Tue Feb 25 07:15:56 UTC 2025

On Tue, 25 Feb 2025 00:34:14 GMT, Vladimir Kozlov <kvn at openjdk.org> wrote:

>> @vnkozlov I mean the issue this: once I implement aliasing-analysis runtime-checks with this multiversion approach, then we'd get regressions if we do not optimize the slow path loop. Currently, we would not vectorize (because we have to be ready for aliasing cases), but we at least unroll, and whatever else we can except vectorization. But if we do not optimize the slow path loop, then we would get performance regressions in aliasing cases because we have no unrolling for them any more. I think we need to avoid that - would you agree?
>
>> But if we do not optimize the slow path loop, then we would get performance regressions in aliasing cases because we have no unrolling for them any more. 
> 
> Okay, we are back to our previous conversation - we will wait your aliasing-analysis runtime-checks implementation and do performance runs to see if "slow" path affects performance.
> 
> Okay.
> 
> PS: "slow" path implies that it is not taking frequently and it should not affect general performance of application.

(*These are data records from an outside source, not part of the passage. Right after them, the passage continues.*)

(* Let $N\ge1$, let $X_1,\dots,X_N$ be the roots of the $N$-th Legendre polynomial transformed to $[0,1]$, and let $h_1,\dots,h_N$ be the associated Lagrange basis polynomials (a basis of $\mathsf{P}_{N-1}$, the real polynomials of degree at most $N-1$). Consider a closed sliding interface consisting of finitely many non-overlapping mortars $\Xi$, which together cover the interface, and finitely many cell faces on each of its two sides (left and right); each mortar is contained in exactly one left cell face and exactly one right cell face, and each cell face $\Omega$ is the union of the $m_\Omega\ge1$ mortars $\Xi_1,\dots,\Xi_{m_\Omega}$ contained in it. For each such face $\Omega$ and each of its mortars $\Xi_k$, let $s_k>0$ (with $\sum_k s_k=1$) be the ratio of the length of $\Xi_k$ to the length of $\Omega$ and $o_k=\sum_{\alpha<k}s_\alpha$, so that the face parameter $\xi\in[0,1]$ and the mortar parameter $z\in[0,1]$ are related by $\xi=o_k+s_kz$. Suppose each mortar $\Xi$ carries a single polynomial $\breve F^{\Xi}\in\mathsf{P}_{N-1}$ in $z$ (its common normal flux in mortar-space scaling), and for each cell face $\Omega$ (on either side) define $\widetilde F^{\Omega}\in\mathsf{P}_{N-1}$ in $\xi$ by $$\sum_{k=1}^{m_\Omega}\int_{o_k}^{o_k+s_k}\Big(\widetilde F^{\Omega}(\xi)-\tfrac{1}{s_k}\breve F^{\Xi_k}\big(\tfrac{\xi-o_k}{s_k}\big)\Big)h_j(\xi)\,d\xi=0\quad\text{for all }j=1,\dots,N.$$ Then for every cell face $\Omega$, $\int_0^1\widetilde F^{\Omega}(\xi)\,d\xi=\sum_{k=1}^{m_\Omega}\int_0^1\breve F^{\Xi_k}(z)\,dz$, and consequently $$\sum_{\Omega\ \text{left}}\int_0^1\widetilde F^{\Omega}(\xi)\,d\xi=\sum_{\Xi}\int_0^1\breve F^{\Xi}(z)\,dz=\sum_{\Omega\ \text{right}}\int_0^1\widetilde F^{\Omega}(\xi)\,d\xi,$$ i.e. the total flux on the left side of the sliding interface equals the total flux on the right side (global conservation across the interface).
   Context: This describes the back-projection of common fluxes from mortar elements to cell faces on a nonconforming sliding interface between two mesh subdomains in a high-order (flux reconstruction) discretization. The mortar-space flux $\breve F^{\Xi_k}$ is related to the computational-space flux on the mortar by $\widetilde F^{\Xi_k}=\breve F^{\Xi_k}/s_k$, which is the factor appearing in the defining relation; the same projection is used for both inviscid and viscous fluxes. *)

theory Defs
  imports "HOL-Analysis.Analysis" "HOL-Computational_Algebra.Polynomial"
begin

text \<open>Legendre polynomials on [-1,1] via the Bonnet recurrence
  (n+1) P_(n+1) = (2n+1) x P_n - n P_(n-1).\<close>
fun legendre :: "nat \<Rightarrow> real poly" where
  "legendre 0 = 1"
| "legendre (Suc 0) = [:0, 1:]"
| "legendre (Suc (Suc n)) =
     smult (1 / real (n + 2))
       (smult (real (2 * n + 3)) ([:0, 1:] * legendre (Suc n))
        - smult (real (n + 1)) (legendre n))"

text \<open>X 1, ..., X N are the roots of the N-th Legendre polynomial transformed to [0,1]
  (xi = (x+1)/2): they are N pairwise distinct points with P_N(2 X_i - 1) = 0.
  Since P_N has degree N, these are exactly all its roots.\<close>
definition legendre_nodes01 :: "nat \<Rightarrow> (nat \<Rightarrow> real) \<Rightarrow> bool" where
  "legendre_nodes01 N X \<longleftrightarrow> inj_on X {1..N} \<and>
     (\<forall>i\<in>{1..N}. poly (legendre N) (2 * X i - 1) = 0)"

definition lagrange_basis :: "nat \<Rightarrow> (nat \<Rightarrow> real) \<Rightarrow> nat \<Rightarrow> real poly" where
  "lagrange_basis N X j = (\<Prod>i\<in>{1..N} - {j}. smult (1 / (X j - X i)) [:- X i, 1:])"

definition face_len :: "('m \<Rightarrow> real) \<Rightarrow> 'm list \<Rightarrow> real" where
  "face_len len ms = (\<Sum>x\<leftarrow>ms. len x)"

text \<open>s_k (0-based index k): ratio of the length of the k-th mortar to the face length.\<close>
definition sk :: "('m \<Rightarrow> real) \<Rightarrow> 'm list \<Rightarrow> nat \<Rightarrow> real" where
  "sk len ms k = len (ms ! k) / face_len len ms"

definition ok :: "('m \<Rightarrow> real) \<Rightarrow> 'm list \<Rightarrow> nat \<Rightarrow> real" where
  "ok len ms k = (\<Sum>a<k. sk len ms a)"

end

theory Submission
  imports Defs
begin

@vnkozlov @rwestrel Let me summarize the tasks left to do here:
- Rename `stalled` -> `delayed`. And `unstall` -> `resume_optimizations` or alike. Improve some comments.
- File follow-up RFE for more verification (must find multiversion-if from multiversioned loop) - currently blocked by predicate traversal issue. Maybe we can also assert that we can always find the pre-loop from the main-loop, at least during loop-opts.
- When working on aliasing-analysis runtime-check, we have to do more performance analysis, and show the need of both the fast and slow path loops.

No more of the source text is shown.